とはいえ、ラストの展開に関しては良かったです。戦隊のもつ秘密。そして、戦隊ヒーローの待つ悲劇。そして、その悲劇と向き合わなければならなかった者達。シリアスな展開を迎え、それぞれのスタンスが問われ、それでも前を向き続けようとする主人公達の決断が非常に素晴らしかったです。ただ、色々ばらまかれていたのに、結局何も解決していないような気もしたのですが。
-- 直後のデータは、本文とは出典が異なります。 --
(* Let $A\in\mathbb{R}^{n\times n}$ with spectral radius $\rho(A)<1$, let $C\in\mathbb{R}^{m\times n}$, and let $Q\in\mathbb{R}^{n\times n}$, $R\in\mathbb{R}^{m\times m}$ be symmetric positive definite, with $(A,C)$ observable and $(A,Q^{1/2})$ controllable. Let $\bar P$ be the unique stabilizing positive definite solution of the discrete-time algebraic Riccati equation $$\bar P = A\bar PA^{\intercal}+Q-(A\bar PA^{\intercal}+Q)C^{\intercal}\big(C(A\bar PA^{\intercal}+Q)C^{\intercal}+R\big)^{-1}C(A\bar PA^{\intercal}+Q).$$ Let $\bar\gamma\in(0,1)$ and $\mu\in(0,1)$. Let $(\lambda_k)_{k\ge1}$ be i.i.d. $\{0,1\}$-valued random variables with $\mathbb{P}[\lambda_k=0]=\bar\gamma$, and let $(u_k)_{k\ge1}$ be i.i.d. $\{0,1\}$-valued random variables with $\mathbb{P}[u_k=0]=\mu$, the two sequences being independent of each other. Let $P_0$ be a fixed symmetric positive semidefinite matrix and define recursively, for $k\ge1$, $$P_k=\begin{cases}\bar P, & \text{if } (\lambda_k,u_k)=(1,1),\\ AP_{k-1}A^{\intercal}+Q, & \text{if } \lambda_k=0 \text{ or } (\lambda_k,u_k)=(1,0).\end{cases}$$ Set $q=\bar\gamma+(1-\bar\gamma)\mu$. Then $$\lim_{k\to\infty}\mathbb{E}[P_k]=(1-\bar\gamma)(1-\mu)\,W+q\,S,$$ where $W=L(\sqrt{q}\,A,\bar P)$ and $S=L(\sqrt{q}\,A,Q)$.
   Context: For a square matrix $T$ with $\rho(T)<1$ and a symmetric matrix $U$, $L(T,U)$ denotes the unique solution $V$ of the discrete-time Lyapunov equation $V=TVT^{\intercal}+U$, equivalently $L(T,U)=\sum_{j=0}^{\infty}T^jU(T^{\intercal})^j$. Here $P_k$ models the estimation error covariance of a remote legitimate user that receives the sensor's steady-state Kalman estimate (error covariance $\bar P$) only when the packet arrives ($\lambda_k=1$) and the sensor did not send noise ($u_k=1$), and otherwise predicts with the model $x_{k+1}=Ax_k+w_k$, $\mathrm{Cov}(w_k)=Q$. *)

theory Defs
  imports "HOL-Analysis.Analysis" "HOL-Probability.Probability"
begin

primrec mpow :: "real^'n^'n \<Rightarrow> nat \<Rightarrow> real^'n^'n" where
  "mpow T 0 = mat 1"
| "mpow T (Suc k) = T ** mpow T k"

definition sym_mat :: "real^'n^'n \<Rightarrow> bool" where
  "sym_mat X \<longleftrightarrow> transpose X = X"

definition pos_def :: "real^'n^'n \<Rightarrow> bool" where
  "pos_def X \<longleftrightarrow> sym_mat X \<and> (\<forall>x. x \<noteq> 0 \<longrightarrow> x \<bullet> (X *v x) > 0)"

definition pos_semidef :: "real^'n^'n \<Rightarrow> bool" where
  "pos_semidef X \<longleftrightarrow> sym_mat X \<and> (\<forall>x. x \<bullet> (X *v x) \<ge> 0)"

definition spectral_radius :: "real^'n^'n \<Rightarrow> real" where
  "spectral_radius A =
     Max {cmod z | z. det (mat z - map_matrix complex_of_real A) = 0}"

definition msqrt :: "real^'n^'n \<Rightarrow> real^'n^'n" where
  "msqrt Q = (THE B. pos_semidef B \<and> B ** B = Q)"

text \<open>Observability of (A,C): the observability matrix [C; CA; ...; CA^(n-1)]
  has full column rank n, i.e. trivial kernel.\<close>
definition observable :: "real^'n^'n \<Rightarrow> real^'n^'m \<Rightarrow> bool" where
  "observable A C \<longleftrightarrow>
     (\<forall>x. (\<forall>k<CARD('n). C *v (mpow A k *v x) = 0) \<longrightarrow> x = 0)"

text \<open>Controllability of (A,B): the controllability matrix [B, AB, ..., A^(n-1)B]
  has full row rank n, i.e. its transpose has trivial kernel.\<close>
definition controllable :: "real^'n^'n \<Rightarrow> real^'p^'n \<Rightarrow> bool" where
  "controllable A B \<longleftrightarrow>
     (\<forall>y. (\<forall>k<CARD('n). y v* (mpow A k ** B) = 0) \<longrightarrow> y = 0)"

definition riccati :: "real^'n^'n \<Rightarrow> real^'n^'m \<Rightarrow> real^'n^'n \<Rightarrow> real^'m^'m
    \<Rightarrow> real^'n^'n \<Rightarrow> real^'n^'n" where
  "riccati A C Q R P =
     (let M = A ** P ** transpose A + Q
      in M - M ** transpose C ** matrix_inv (C ** M ** transpose C + R) ** C ** M)"

definition kgain :: "real^'n^'n \<Rightarrow> real^'n^'m \<Rightarrow> real^'n^'n \<Rightarrow> real^'m^'m
    \<Rightarrow> real^'n^'n \<Rightarrow> real^'m^'n" where
  "kgain A C Q R P =
     (let M = A ** P ** transpose A + Q
      in M ** transpose C ** matrix_inv (C ** M ** transpose C + R))"

definition stabilizing :: "real^'n^'n \<Rightarrow> real^'n^'m \<Rightarrow> real^'n^'n \<Rightarrow> real^'m^'m
    \<Rightarrow> real^'n^'n \<Rightarrow> bool" where
  "stabilizing A C Q R P \<longleftrightarrow>
     spectral_radius (A ** (mat 1 - kgain A C Q R P ** C)) < 1"

definition lyap :: "real^'n^'n \<Rightarrow> real^'n^'n \<Rightarrow> real^'n^'n" where
  "lyap T U = (THE V. V = T ** V ** transpose T + U)"

text \<open>Error covariance recursion of the remote user; index k \<ge> 1 uses lam k, u k.\<close>
primrec Pseq :: "real^'n^'n \<Rightarrow> real^'n^'n \<Rightarrow> real^'n^'n \<Rightarrow> real^'n^'n
    \<Rightarrow> (nat \<Rightarrow> 'a \<Rightarrow> nat) \<Rightarrow> (nat \<Rightarrow> 'a \<Rightarrow> nat) \<Rightarrow> nat \<Rightarrow> 'a \<Rightarrow> real^'n^'n" where
  "Pseq A Q Pbar P0 lam u 0 \<omega> = P0"
| "Pseq A Q Pbar P0 lam u (Suc k) \<omega> =
     (if lam (Suc k) \<omega> = 1 \<and> u (Suc k) \<omega> = 1 then Pbar
      else A ** Pseq A Q Pbar P0 lam u k \<omega> ** transpose A + Q)"

end

theory Submission
  imports Defs "Jordan_Normal_Form.Spectral_Radius"
begin

(*
  Conditioning on the packet of step k+1, which is independent of P_k, the expected covariance
  E_k = E[P_k] satisfies the affine recursion
    E_{k+1} = p Pbar + q (A E_k A^T + Q) = T E_k T^T + (p Pbar + q Q),
  with p = 1 - q and T = sqrt q A.  Since rho(A) < 1, the powers of A are bounded (Jordan normal
  form), so T^k -> 0 and E_k converges to the unique fixed point L(T, p Pbar + q Q), which is
  linear in its second argument.
*)

no_notation Matrix.vec_index (infixl \<open>$\<close> 100)
notation Matrix.vec_index (infixl \<open>$v\<close> 100)
no_notation Matrix.scalar_prod (infix \<open>\<bullet>\<close> 70)
hide_const (open) Matrix.mat Matrix.vec Determinant.det Spectral_Radius.spectral_radius

lemma matrix_add_rdistrib: "(B + C) ** A = B ** A + C ** (A :: 'a::semiring_1^_^_)"
  by (vector matrix_matrix_mult_def sum.distrib[symmetric] field_simps)

lemma bounded_bilinear_matrix_mult:
  "bounded_bilinear (\<lambda>(X :: real^'m^'n) (Y :: real^'p^'m). X ** Y)"
  unfolding bilinear_conv_bounded_bilinear[symmetric] bilinear_def
proof (intro conjI allI linearI)
  fix X X' :: "real^'m^'n" and Y Y' :: "real^'p^'m" and c :: real
  show "X ** (Y + Y') = X ** Y + X ** Y'" "(X + X') ** Y = X ** Y + X' ** Y"
    by (simp_all add: matrix_add_ldistrib matrix_add_rdistrib)
  show "X ** (c *\<^sub>R Y) = c *\<^sub>R (X ** Y)" "(c *\<^sub>R X) ** Y = c *\<^sub>R (X ** Y)"
    by (simp_all only: matrix_scalar_ac scalar_matrix_assoc)
qed

lemmas matrix_mult_scaleR_left = bounded_bilinear.scaleR_left[OF bounded_bilinear_matrix_mult]
lemmas matrix_mult_scaleR_right = bounded_bilinear.scaleR_right[OF bounded_bilinear_matrix_mult]

lemma bounded_linear_transpose: "bounded_linear (transpose :: real^'m^'n \<Rightarrow> real^'n^'m)"
  unfolding linear_conv_bounded_linear[symmetric]
  by (rule linearI) (simp_all add: transpose_def Finite_Cartesian_Product.vec_eq_iff)

lemma linear_congruence: "linear (\<lambda>V. T ** V ** transpose (T :: real^'n^'n))"
  by (rule linearI)
    (simp_all add: matrix_add_ldistrib matrix_add_rdistrib matrix_mult_scaleR_left
      matrix_mult_scaleR_right)

lemma bounded_linear_congruence: "bounded_linear (\<lambda>V. T ** V ** transpose (T :: real^'n^'n))"
  using linear_congruence unfolding linear_conv_bounded_linear .

lemma congruence_scaleR:
  "(c *\<^sub>R T) ** V ** transpose (c *\<^sub>R T) = (c * c) *\<^sub>R (T ** V ** transpose (T :: real^'n^'n))"
  by (simp add: transpose_scalar matrix_mult_scaleR_left matrix_mult_scaleR_right)

lemma mpow_Suc_right: "mpow T (Suc k) = mpow T k ** T"
  by (induction k) (simp_all add: matrix_mul_assoc)

lemma mpow_scaleR: "mpow (c *\<^sub>R T) k = c ^ k *\<^sub>R mpow T k"
  by (induction k) (simp_all add: matrix_mult_scaleR_left matrix_mult_scaleR_right)

section \<open>Cartesian matrices as matrices of the Jordan normal form library\<close>

definition cart_index :: "nat \<Rightarrow> 'n::finite" where
  "cart_index = (SOME f. bij_betw f {..<CARD('n)} UNIV)"

lemma bij_betw_cart_index: "bij_betw (cart_index :: nat \<Rightarrow> 'n::finite) {..<CARD('n)} UNIV"
proof -
  have "\<exists>f :: nat \<Rightarrow> 'n. bij_betw f {..<CARD('n)} UNIV"
    using ex_bij_betw_nat_finite[of "UNIV :: 'n set"] by (simp add: atLeast0LessThan)
  then show ?thesis
    unfolding cart_index_def by (rule someI_ex)
qed

lemma cart_index_eq_iff:
  "i < CARD('n) \<Longrightarrow> j < CARD('n) \<Longrightarrow> (cart_index i = (cart_index j :: 'n::finite)) \<longleftrightarrow> i = j"
  using bij_betw_cart_index[where 'n='n] unfolding bij_betw_def inj_on_def by auto

lemma ex_cart_index: "\<exists>i < CARD('n). cart_index i = (a :: 'n::finite)"
  using bij_betw_cart_index[where 'n='n] unfolding bij_betw_def
  by (metis UNIV_I imageE lessThan_iff)

lemma sum_cart_index: "(\<Sum>i<CARD('n). f (cart_index i)) = (\<Sum>a\<in>UNIV. f (a :: 'n::finite))"
  using sum.reindex_bij_betw[OF bij_betw_cart_index, of f] by simp

definition mat_of_cart :: "'a^'n^'n \<Rightarrow> 'a mat" where
  "mat_of_cart X = Matrix.mat CARD('n) CARD('n) (\<lambda>(i, j). X $ cart_index i $ cart_index j)"

definition vec_of_cart :: "'a^'n \<Rightarrow> 'a Matrix.vec" where
  "vec_of_cart x = Matrix.vec CARD('n) (\<lambda>i. x $ cart_index i)"

lemma mat_of_cart_carrier [simp]: "mat_of_cart (X :: 'a^'n^'n) \<in> carrier_mat CARD('n) CARD('n)"
  by (simp add: mat_of_cart_def)

lemma dim_mat_of_cart [simp]:
  "dim_row (mat_of_cart (X :: 'a^'n^'n)) = CARD('n)"
  "dim_col (mat_of_cart (X :: 'a^'n^'n)) = CARD('n)"
  by (simp_all add: mat_of_cart_def)

lemma index_mat_of_cart [simp]:
  "i < CARD('n) \<Longrightarrow> j < CARD('n) \<Longrightarrow>
    mat_of_cart (X :: 'a^'n^'n) $$ (i, j) = X $ cart_index i $ cart_index j"
  by (simp add: mat_of_cart_def)

lemma vec_of_cart_carrier [simp]: "vec_of_cart (x :: 'a^'n) \<in> carrier_vec CARD('n)"
  by (simp add: vec_of_cart_def)

lemma dim_vec_of_cart [simp]: "dim_vec (vec_of_cart (x :: 'a^'n)) = CARD('n)"
  by (simp add: vec_of_cart_def)

lemma index_vec_of_cart [simp]: "i < CARD('n) \<Longrightarrow> vec_of_cart (x :: 'a^'n) $v i = x $ cart_index i"
  by (simp add: vec_of_cart_def)

lemma mat_of_cart_mult:
  "mat_of_cart (X ** Y) = mat_of_cart X * mat_of_cart (Y :: 'a::comm_semiring_1^'n^'n)"
proof (rule eq_matI)
  fix i j
  assume "i < dim_row (mat_of_cart X * mat_of_cart Y)" "j < dim_col (mat_of_cart X * mat_of_cart Y)"
  then show "mat_of_cart (X ** Y) $$ (i, j) = (mat_of_cart X * mat_of_cart Y) $$ (i, j)"
    using sum_cart_index[of "\<lambda>a. X $ cart_index i $ a * Y $ a $ cart_index j"]
    by (simp add: scalar_prod_def matrix_matrix_mult_def atLeast0LessThan)
qed simp_all

lemma mat_of_cart_one: "mat_of_cart (mat 1 :: 'a::semiring_1^'n^'n) = 1\<^sub>m CARD('n)"
  by (rule eq_matI) (auto simp: Finite_Cartesian_Product.mat_def cart_index_eq_iff)

lemma mat_of_cart_mult_vec:
  "mat_of_cart X *\<^sub>v vec_of_cart x = vec_of_cart (X *v (x :: 'a::comm_semiring_1^'n))"
proof (rule eq_vecI)
  fix i
  assume "i < dim_vec (vec_of_cart (X *v x))"
  then show "(mat_of_cart X *\<^sub>v vec_of_cart x) $v i = vec_of_cart (X *v x) $v i"
    using sum_cart_index[of "\<lambda>a. X $ cart_index i $ a * x $ a"]
    by (simp add: scalar_prod_def matrix_vector_mult_def atLeast0LessThan)
qed simp

lemma vec_of_cart_smult: "vec_of_cart (c *s x) = c \<cdot>\<^sub>v vec_of_cart (x :: 'a::times^'n)"
  by (rule eq_vecI) simp_all

lemma vec_of_cart_zero: "vec_of_cart (0 :: 'a::zero^'n) = 0\<^sub>v CARD('n)"
  by (rule eq_vecI) simp_all

lemma vec_of_cart_inject: "vec_of_cart x = vec_of_cart y \<longleftrightarrow> x = (y :: 'a^'n)"
proof
  assume eq: "vec_of_cart x = vec_of_cart y"
  show "x = y"
  proof (rule Finite_Cartesian_Product.vec_eq_iff[THEN iffD2], rule allI)
    fix a :: 'n
    obtain i where "i < CARD('n)" "cart_index i = a"
      using ex_cart_index by blast
    then show "x $ a = y $ a"
      using arg_cong[OF eq, of "\<lambda>v. v $v i"] by simp
  qed
qed simp

lemma vec_of_cart_surj:
  assumes "v \<in> carrier_vec CARD('n)"
  shows "\<exists>x :: 'a^'n. v = vec_of_cart x"
proof
  show "v = vec_of_cart (\<chi> a. v $v inv_into {..<CARD('n)} cart_index a :: 'a^'n)"
    using assms by (intro eq_vecI) (auto simp: bij_betw_inv_into_left[OF bij_betw_cart_index])
qed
途中、「これ、タイトル詐欺じゃない?」と思うところもありましたが(妹の影が薄くて)、最後まで読んでみて、「なるほど、こういう意味だったのか」と納得しました。青春系スーパー戦隊もの、といった印象の本作。いいところと残念なところがハッキリしているので、次があるなら期待したいところです。
とても魅力的な記事でした!!
また遊びに来ます!!
ありがとうございます。。
by 就職の添え状 (2012-03-25 11:04)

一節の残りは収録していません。